What needs to be done — Look through the material below for "powr". Copy every line that contains it.
■ ■ ■
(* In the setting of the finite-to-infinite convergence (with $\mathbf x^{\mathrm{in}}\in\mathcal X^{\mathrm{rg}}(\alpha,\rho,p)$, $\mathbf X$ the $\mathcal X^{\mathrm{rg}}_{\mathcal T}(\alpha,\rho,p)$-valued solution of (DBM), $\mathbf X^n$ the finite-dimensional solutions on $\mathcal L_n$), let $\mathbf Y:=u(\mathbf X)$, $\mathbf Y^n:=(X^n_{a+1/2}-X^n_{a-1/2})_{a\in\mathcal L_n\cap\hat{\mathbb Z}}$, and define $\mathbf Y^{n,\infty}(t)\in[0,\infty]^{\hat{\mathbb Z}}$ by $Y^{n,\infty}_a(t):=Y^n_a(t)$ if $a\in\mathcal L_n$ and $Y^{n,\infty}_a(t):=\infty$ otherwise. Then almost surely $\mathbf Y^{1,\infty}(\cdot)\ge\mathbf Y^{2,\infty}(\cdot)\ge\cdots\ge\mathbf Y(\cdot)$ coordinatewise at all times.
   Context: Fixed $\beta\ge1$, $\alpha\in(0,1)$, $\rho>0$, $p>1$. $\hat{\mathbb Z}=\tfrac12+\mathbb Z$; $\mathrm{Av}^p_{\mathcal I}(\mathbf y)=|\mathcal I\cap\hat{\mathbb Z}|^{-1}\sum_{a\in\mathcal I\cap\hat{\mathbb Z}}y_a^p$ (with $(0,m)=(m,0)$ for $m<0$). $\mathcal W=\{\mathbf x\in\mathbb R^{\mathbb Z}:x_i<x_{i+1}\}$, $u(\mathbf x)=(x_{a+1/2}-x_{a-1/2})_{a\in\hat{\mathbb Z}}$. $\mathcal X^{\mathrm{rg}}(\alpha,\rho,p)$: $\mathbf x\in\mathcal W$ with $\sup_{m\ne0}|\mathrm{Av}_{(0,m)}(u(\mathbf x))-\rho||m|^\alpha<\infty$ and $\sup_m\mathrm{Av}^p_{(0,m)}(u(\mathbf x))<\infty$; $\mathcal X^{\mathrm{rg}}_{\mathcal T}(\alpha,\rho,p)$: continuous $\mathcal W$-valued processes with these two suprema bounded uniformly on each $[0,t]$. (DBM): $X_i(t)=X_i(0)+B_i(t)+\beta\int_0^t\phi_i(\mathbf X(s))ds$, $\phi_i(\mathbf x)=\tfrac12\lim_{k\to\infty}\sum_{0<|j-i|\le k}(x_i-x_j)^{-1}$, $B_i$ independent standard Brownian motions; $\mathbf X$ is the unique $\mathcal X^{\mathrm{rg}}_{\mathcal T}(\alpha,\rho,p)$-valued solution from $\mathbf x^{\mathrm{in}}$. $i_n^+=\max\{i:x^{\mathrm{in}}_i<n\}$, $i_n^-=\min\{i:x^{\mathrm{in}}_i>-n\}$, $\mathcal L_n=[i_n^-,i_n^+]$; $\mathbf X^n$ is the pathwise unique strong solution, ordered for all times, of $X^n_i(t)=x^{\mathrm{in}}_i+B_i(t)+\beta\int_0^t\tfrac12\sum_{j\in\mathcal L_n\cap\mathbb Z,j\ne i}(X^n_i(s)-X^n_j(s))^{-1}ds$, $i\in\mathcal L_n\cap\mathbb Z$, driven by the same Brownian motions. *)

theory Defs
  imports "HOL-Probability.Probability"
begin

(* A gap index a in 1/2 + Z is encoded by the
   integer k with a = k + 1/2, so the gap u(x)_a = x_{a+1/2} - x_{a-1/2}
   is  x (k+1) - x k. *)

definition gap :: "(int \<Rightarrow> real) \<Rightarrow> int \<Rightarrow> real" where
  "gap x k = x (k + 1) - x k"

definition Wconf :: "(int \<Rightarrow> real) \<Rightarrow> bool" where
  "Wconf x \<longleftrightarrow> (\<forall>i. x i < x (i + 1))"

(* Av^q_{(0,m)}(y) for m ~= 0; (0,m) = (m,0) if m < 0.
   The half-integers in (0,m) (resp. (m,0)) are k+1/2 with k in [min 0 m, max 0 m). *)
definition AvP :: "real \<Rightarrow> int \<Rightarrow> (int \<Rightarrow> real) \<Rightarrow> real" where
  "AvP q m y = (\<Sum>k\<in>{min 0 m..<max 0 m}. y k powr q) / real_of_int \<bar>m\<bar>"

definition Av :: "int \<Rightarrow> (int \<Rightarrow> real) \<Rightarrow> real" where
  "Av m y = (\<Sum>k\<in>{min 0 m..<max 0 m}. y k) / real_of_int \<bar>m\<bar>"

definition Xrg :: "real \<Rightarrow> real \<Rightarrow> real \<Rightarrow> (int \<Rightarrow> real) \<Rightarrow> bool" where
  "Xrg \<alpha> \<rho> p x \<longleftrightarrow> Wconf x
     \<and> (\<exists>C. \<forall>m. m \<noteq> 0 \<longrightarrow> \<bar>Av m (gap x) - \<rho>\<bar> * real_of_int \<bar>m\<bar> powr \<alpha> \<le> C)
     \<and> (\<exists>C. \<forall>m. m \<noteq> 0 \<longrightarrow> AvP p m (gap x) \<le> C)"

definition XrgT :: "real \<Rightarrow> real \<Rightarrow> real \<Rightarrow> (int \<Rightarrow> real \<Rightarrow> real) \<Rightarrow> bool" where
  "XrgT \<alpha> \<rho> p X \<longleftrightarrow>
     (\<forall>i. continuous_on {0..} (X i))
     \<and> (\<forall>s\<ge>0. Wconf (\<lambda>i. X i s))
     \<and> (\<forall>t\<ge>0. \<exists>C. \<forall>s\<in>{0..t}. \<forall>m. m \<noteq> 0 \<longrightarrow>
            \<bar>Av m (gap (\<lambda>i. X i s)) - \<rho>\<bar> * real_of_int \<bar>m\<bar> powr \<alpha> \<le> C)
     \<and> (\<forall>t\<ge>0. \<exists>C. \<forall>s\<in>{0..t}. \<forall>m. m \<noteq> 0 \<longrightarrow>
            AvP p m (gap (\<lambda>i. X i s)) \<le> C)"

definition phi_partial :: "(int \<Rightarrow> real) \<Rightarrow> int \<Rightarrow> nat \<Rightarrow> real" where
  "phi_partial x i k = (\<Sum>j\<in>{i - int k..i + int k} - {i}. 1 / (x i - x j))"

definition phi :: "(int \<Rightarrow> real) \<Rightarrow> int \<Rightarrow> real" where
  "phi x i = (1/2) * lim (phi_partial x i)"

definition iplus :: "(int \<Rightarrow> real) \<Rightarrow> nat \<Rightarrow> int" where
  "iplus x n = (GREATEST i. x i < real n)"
■ ■ ■
Answer area —
  "AvP q m y = (\<Sum>k\<in>{min 0 m..<max 0 m}. y k powr q) / real_of_int \<bar>m\<bar>"
     \<and> (\<exists>C. \<forall>m. m \<noteq> 0 \<longrightarrow> \<bar>Av m (gap x) - \<rho>\<bar> * real_of_int \<bar>m\<bar> powr \<alpha> \<le> C)
            \<bar>Av m (gap (\<lambda>i. X i s)) - \<rho>\<bar> * real_of_int \<bar>m\<bar> powr \<alpha> \<le> C)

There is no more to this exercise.